Mois : mai 2024

Clap de fin de notre fabuleuse traversée turque

« Une brise légère » nous indique la météo. Clairement, ceux qui tiennent le site « Meteoblue » ne sont pas cyclistes… On bataille contre un vent de folie (rafales de plus de 50km/h), notre Antoine peste contre les montées et le vent, il lutte comme il faut et on arrive à s’élever dans ces sacrés Monts Taurus !

Majestueuses ces montagnes ! Elles nous permettent de faire de magnifiques bivouacs sauvages et nos traditionnels feux de camp à l’abri des regards. C’est évidemment exigeant de s’élever à plus de 1200 m d’altitude, de redescendre puis de remonter à la même altitude. On se croit dans les montagnes russes d’une fête foraine, mais cela à l’avantage (toujours voir le positif !) d’alterner entre montagnes et côtes, entre nature et histoire.

Grosse descente et visite d’une ville romaine de plus de 2000 ans à Sidé avec baignade et glaces à la clef puis grosse montée et visite de l’amphithéâtre romain le mieux conservé au monde.

Notre route vers Antalya se fait par un accueil chez Özkel dans un petit village de montagne, lors d’une journée de grosse pluie. Elle travaille avec son mari pour ouvrir un restaurant en juin. Elle prend tout de même le temps de nous amener chez elle, de nous mettre au sec, de nous laisser les clefs de la maison, nous montrer la machine à laver et la cuisine et elle repart. La gentillesse des Turcs est vraiment incroyable. On passera du temps avec ses deux grandes filles, une d’entre elles offrira deux poupées Barbie à Agathe, qui se découvre une passion pour ces poupées. 
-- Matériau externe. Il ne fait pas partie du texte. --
lemma pairprod_empty_left [simp]: "pairprod {#} B = {#}"
  by (simp add: pairprod_def)

lemma pairprod_add_mset_left: "pairprod (add_mset a A) B = image_mset (pair_add a) B + pairprod A B"
proof -
  obtain x y where a: "a = (x, y)" by (cases a)
  have "pair_add (x, y) = (\<lambda>(p2, r2). (x + p2, y + r2))" by (auto simp: fun_eq_iff pair_add_def)
  then show ?thesis by (simp add: a pairprod_def)
qed

lemma pairprod_union_left: "pairprod (A1 + A2) B = pairprod A1 B + pairprod A2 B"
  by (simp add: pairprod_def)

lemma pairprod_empty_right [simp]: "pairprod A {#} = {#}"
  by (induction A) (simp_all add: pairprod_add_mset_left)

lemma pairprod_add_mset_right:
  "pairprod A (add_mset b B) = image_mset (\<lambda>a. pair_add a b) A + pairprod A B"
  by (induction A) (simp_all add: pairprod_add_mset_left)

lemma pairprod_commute: "pairprod A B = pairprod B A"
proof (induction A)
  case (add a A)
  have "pair_add a = (\<lambda>b. pair_add b a)" by (rule ext, rule pair_add_commute)
  then show ?case by (simp add: pairprod_add_mset_left pairprod_add_mset_right add)
qed simp

lemma pairprod_union_right: "pairprod A (B1 + B2) = pairprod A B1 + pairprod A B2"
  by (metis pairprod_commute pairprod_union_left)

lemma pairprod_singleton_left: "pairprod {#x#} Y = image_mset (pair_add x) Y"
  by (simp add: pairprod_add_mset_left)

lemma pairprod_singleton_right: "pairprod X {#y#} = image_mset (\<lambda>x. pair_add x y) X"
  by (simp add: pairprod_add_mset_right)

lemma pairprod_image_pair_add:
  "pairprod (image_mset (pair_add a) B) C = image_mset (pair_add a) (pairprod B C)"
proof -
  have "pair_add (pair_add a x) = (\<lambda>c. pair_add a (pair_add x c))" for x
    by (rule ext, rule pair_add_assoc)
  then show ?thesis
    by (induction B) (simp_all add: pairprod_add_mset_left multiset.map_comp comp_def)
qed

lemma pairprod_assoc: "pairprod (pairprod A B) C = pairprod A (pairprod B C)"
  by (induction A) (simp_all add: pairprod_add_mset_left pairprod_union_left pairprod_image_pair_add)

lemma pairprod_unit [simp]: "pairprod {#({#}, {#})#} A = A" "pairprod A {#({#}, {#})#} = A"
  by (simp_all add: pairprod_add_mset_left pairprod_add_mset_right)

lemma pairprod_eq_sum_mset: "pairprod X Y = (\<Sum>x\<in>#X. \<Sum>y\<in>#Y. {#pair_add x y#})"
  by (induction X) (simp_all add: pairprod_add_mset_left)

lemma pairprod_sum_mset_left: "pairprod (\<Sum>i\<in>#I. f i) Y = (\<Sum>i\<in>#I. pairprod (f i) Y)"
  by (induction I) (simp_all add: pairprod_union_left)

lemma pairprod_sum_mset_right: "pairprod X (\<Sum>i\<in>#I. f i) = (\<Sum>i\<in>#I. pairprod X (f i))"
  by (induction I) (simp_all add: pairprod_union_right)

lemma mem_pairprodI: "a \<in># A \<Longrightarrow> b \<in># B \<Longrightarrow> pair_add a b \<in># pairprod A B"
  by (induction A) (auto simp: pairprod_add_mset_left)

lemma mem_pairprodE:
  assumes "z \<in># pairprod A B"
  obtains a b where "a \<in># A" "b \<in># B" "z = pair_add a b"
  using assms by (induction A) (auto simp: pairprod_add_mset_left)

lemma comp_fun_commute_pairprod: "comp_fun_commute pairprod"
proof
  show "pairprod y \<circ> pairprod x = pairprod x \<circ> pairprod y" for x y
    by (rule ext) (metis comp_apply pairprod_assoc pairprod_commute)
qed

lemma comb_empty [simp]: "comb {#} = {#({#}, {#})#}"
  by (simp add: comb_def)

lemma comb_add_mset [simp]: "comb (add_mset x X) = pairprod x (comb X)"
  by (simp add: comb_def comp_fun_commute.fold_mset_add_mset[OF comp_fun_commute_pairprod])

lemma comb_union: "comb (X + Y) = pairprod (comb X) (comb Y)"
  by (induction X) (simp_all add: pairprod_assoc)

lemma cop_forest_empty [simp]: "cop_forest {#} = {#({#}, {#})#}"
  by (simp add: cop_forest_def)

lemma cop_forest_union: "cop_forest (A + B) = pairprod (cop_forest A) (cop_forest B)"
  by (simp add: cop_forest_def comb_union)

lemma cop_forest_add_mset: "cop_forest (add_mset t A) = pairprod (cop_tree t) (cop_forest A)"
  by (simp add: cop_forest_def)

lemma empty_cut_in_cuts: "({#}, t) \<in># cuts t"
proof (induction t)
  case (Node ts)
  let ?choice = "\<lambda>t. {#({#t#}, {#})#} + image_mset (\<lambda>(P, R). (P, {#R#})) (cuts t)"
  have "({#}, ts) \<in># comb (image_mset ?choice ts)"
    using Node
  proof (induction ts)
    case (add x ts)
    have "({#}, {#x#}) \<in># ?choice x" using add.prems by force
    moreover have "({#}, ts) \<in># comb (image_mset ?choice ts)" using add by auto
    ultimately have "pair_add ({#}, {#x#}) ({#}, ts) \<in># comb (image_mset ?choice (add_mset x ts))"
      by (simp add: mem_pairprodI)
    then show ?case by (simp add: pair_add_def)
  qed simp
  then have "(\<lambda>(P, R). (P, Node R)) ({#}, ts)
      \<in># image_mset (\<lambda>(P, R). (P, Node R)) (comb (image_mset ?choice ts))"
    by (simp only: set_image_mset) (rule imageI)
  then show ?case by (simp add: cuts.simps)
qed

lemma cop_tree_eq_cuts: "cop_tree t = {#({#t#}, {#})#} + image_mset (\<lambda>(P, R). (P, {#R#})) (cuts t)"
proof -
  have "cuts t = adm_cuts t + {#({#}, t)#}"
    using empty_cut_in_cuts[of t] by (simp add: adm_cuts_def)
  then show ?thesis by (simp add: cop_tree_def)
qed

lemma cuts_Node_cop_forest: "cuts (Node ts) = image_mset (\<lambda>(P, R). (P, Node R)) (cop_forest ts)"
proof -
  have "(\<lambda>t. {#({#t#}, {#})#} + image_mset (\<lambda>(P, R). (P, {#R#})) (cuts t)) = cop_tree"
    by (rule ext) (simp add: cop_tree_eq_cuts)
  then show ?thesis by (simp add: cop_forest_def)
qed

declare cuts.simps [simp del]

lemma weight_pos: "weight t > 0"
  by (cases t) simp

lemma fweight_empty [simp]: "fweight {#} = 0"
  and fweight_union [simp]: "fweight (A + B) = fweight A + fweight B"
  and fweight_add_mset [simp]: "fweight (add_mset t A) = weight t + fweight A"
  by (simp_all add: fweight_def)

lemma fweight_eq_0_iff: "fweight A = 0 \<longleftrightarrow> A = {#}"
  by (induction A) (auto simp: weight_pos)

definition homogeneous :: "(forest \<times> forest) multiset \<Rightarrow> nat \<Rightarrow> bool" where
  "homogeneous X n \<longleftrightarrow> (\<forall>z\<in>#X. fweight (fst z) + fweight (snd z) = n)"

lemma homogeneous_pairprod:
  "homogeneous X a \<Longrightarrow> homogeneous Y b \<Longrightarrow> homogeneous (pairprod X Y) (a + b)"
  unfolding homogeneous_def by (fastforce simp: pair_add_def elim!: mem_pairprodE)

lemma homogeneous_cop_forest_of_trees:
  "(\<And>t. t \<in># N \<Longrightarrow> homogeneous (cop_tree t) (weight t)) \<Longrightarrow> homogeneous (cop_forest N) (fweight N)"
proof (induction N)
  case (add t N)
  then show ?case
    using homogeneous_pairprod[of "cop_tree t" "weight t" "cop_forest N" "fweight N"]
    by (simp add: cop_forest_add_mset)
qed (simp add: homogeneous_def)

lemma weight_cuts: "z \<in># cuts t \<Longrightarrow> fweight (fst z) + weight (snd z) = weight t"
proof (induction t arbitrary: z)
  case (Node ts)
  have "homogeneous (cop_tree t) (weight t)" if "t \<in># ts" for t
    using Node.IH that unfolding homogeneous_def cop_tree_eq_cuts by auto
  then have "homogeneous (cop_forest ts) (fweight ts)"
    by (rule homogeneous_cop_forest_of_trees)
  then show ?case using Node.prems
    unfolding cuts_Node_cop_forest homogeneous_def by (auto simp: fweight_def)
qed

lemma homogeneous_cop_forest: "homogeneous (cop_forest N) (fweight N)"
  by (rule homogeneous_cop_forest_of_trees)
    (auto simp: homogeneous_def cop_tree_eq_cuts dest: weight_cuts)

lemma fweight_cop_forest: "z \<in># cop_forest N \<Longrightarrow> fweight (fst z) + fweight (snd z) = fweight N"
  using homogeneous_cop_forest unfolding homogeneous_def by auto

lemma image_mset_sum_mset: "image_mset f (sum_mset X) = (\<Sum>A\<in>#X. image_mset f A)"
  by (induction X) auto

lemma sum_mset_sum_mset: "sum_mset (\<Sum>x\<in>#X. f x) = (\<Sum>x\<in>#X. sum_mset (f x))"
  by (induction X) auto

lemma graft_forest_empty [simp]: "graft_forest M {#} = {#}"
  by (simp add: graft_forest_def)

lemma graft_forest_union:
  "graft_forest M (N1 + N2) =
     image_mset (\<lambda>G. G + N2) (graft_forest M N1) + image_mset (\<lambda>G. N1 + G) (graft_forest M N2)"
proof -
  have 1: "image_mset (\<lambda>t. image_mset (\<lambda>t'. N1 + N2 - {#t#} + {#t'#}) (graft_tree M t)) N1 =
      image_mset (\<lambda>t. image_mset (\<lambda>G. G + N2) (image_mset (\<lambda>t'. N1 - {#t#} + {#t'#}) (graft_tree M t))) N1"
  proof (rule image_mset_cong)
    fix t assume "t \<in># N1"
    then have "N1 + N2 - {#t#} = N1 - {#t#} + N2"
      by (simp add: add.commute diff_union_single_conv)
    then show "image_mset (\<lambda>t'. N1 + N2 - {#t#} + {#t'#}) (graft_tree M t) =
        image_mset (\<lambda>G. G + N2) (image_mset (\<lambda>t'. N1 - {#t#} + {#t'#}) (graft_tree M t))"
      by (simp add: multiset.map_comp comp_def add_ac)
  qed
  have 2: "image_mset (\<lambda>t. image_mset (\<lambda>t'. N1 + N2 - {#t#} + {#t'#}) (graft_tree M t)) N2 =
      image_mset (\<lambda>t. image_mset (\<lambda>G. N1 + G) (image_mset (\<lambda>t'. N2 - {#t#} + {#t'#}) (graft_tree M t))) N2"
  proof (rule image_mset_cong)
    fix t assume "t \<in># N2"
    then have "N1 + N2 - {#t#} = N1 + (N2 - {#t#})"
      by (rule diff_union_single_conv)
    then show "image_mset (\<lambda>t'. N1 + N2 - {#t#} + {#t'#}) (graft_tree M t) =
        image_mset (\<lambda>G. N1 + G) (image_mset (\<lambda>t'. N2 - {#t#} + {#t'#}) (graft_tree M t))"
      by (simp add: multiset.map_comp comp_def add_ac)
  qed
  show ?thesis
    unfolding graft_forest_def image_mset_union sum_mset.union 1 2
    by (simp add: image_mset_sum_mset multiset.map_comp comp_def)
qed

lemma graft_forest_singleton: "graft_forest M {#t#} = image_mset (\<lambda>t'. {#t'#}) (graft_tree M t)"
  by (simp add: graft_forest_def)

lemma graft_tree_Node:
  "graft_tree M (Node ts) = add_mset (Node (ts + M)) (image_mset Node (graft_forest M ts))"
  by (simp add: graft_forest_def image_mset_sum_mset multiset.map_comp comp_def)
Nous descendons de ces Monts Taurus (1100m de descente en 10 kms) et découvrons des orangeraies, champs de grenadiers et serres de tomates/aubergine/bananiers/fraisiers sur des dizaines de kilomètres à la ronde. On achète nos fruits directement au producteur (quand ils ne nous arrêtent pas pour nous les offrir – j’avoue avoir un peu pesté lors d’une montée lorsque j’ai roulé avec les 4kgs de concombres offerts avant une pente à 30% mais promis, on les a tous mangés !). On dort dans des orangeraies, fruits frais pressés par nos soins le matin. Merci Ali de nous avoir permis de faire le plein de vitamines dès le matin !

Notre arrivée à Antalya chez Serkan (merci une nouvelle fois au réseau warmshowers d’exister) se fait donc de la meilleure des façons. Nous resterons avec Elif et Serkan une journée, plage et visite de la ville au  programme. Et surtout de bons fous rire : Serkan est très drôle et heureux d’être avec les enfants ; ils avaient même prévu pour eux dessins et feutres, frites, chocolat, dessins animés en français …

Allez, il faut repartir et deux choix s’offrent à nous : longer la côte sur une 2×2 voies avec tunnels ou faire 2700m en 110 kms. Et bien, on travaille pour enlever la cellulite et raffermir nos corps et on transpire : vous devinerez donc notre choix. Et une journée avec un minimum de 8 kilomètres avec 700 mètres de dénivelé ; on touche nos limites et le trek aussi. La roue arrière a été changée au Mexique et la nouvelle roue ne supporte pas les gros pourcentage des routes de montagne turque. Julien a changé 7 rayons en 2 mois. On a du mal à trouver une roue plus costaud (c’est le problème du standard 28 pouces, pour ceux à qui ça parle) et on a bien sûr aucune envie de renoncer à la montagne. Solution : il va falloir refaire le plein de rayons.

On redescend une dernière fois sur la côte. Cela ressemble à la Corse. On rencontre Mathis, cyclo français rentrant en France depuis l’Inde. On roule ensemble (au vu des coef des pentes, merci à toi d’avoir papoté avec Agathe qui marchait à côté de toi pour m’alléger puis d’avoir attendu Antoine qui mettait toutes ses forces dans les pédales pour essayer de suivre la conversation !), puis feu de camp en se racontant nos récits de voyage. Les enfants sont ravis de ces moments et nous aussi. Nous avons ensuite trouvé de magnifiques spots pour dormir en bord de mer et se baigner – belle récompense pour Antoine après la grimpette des derniers jours.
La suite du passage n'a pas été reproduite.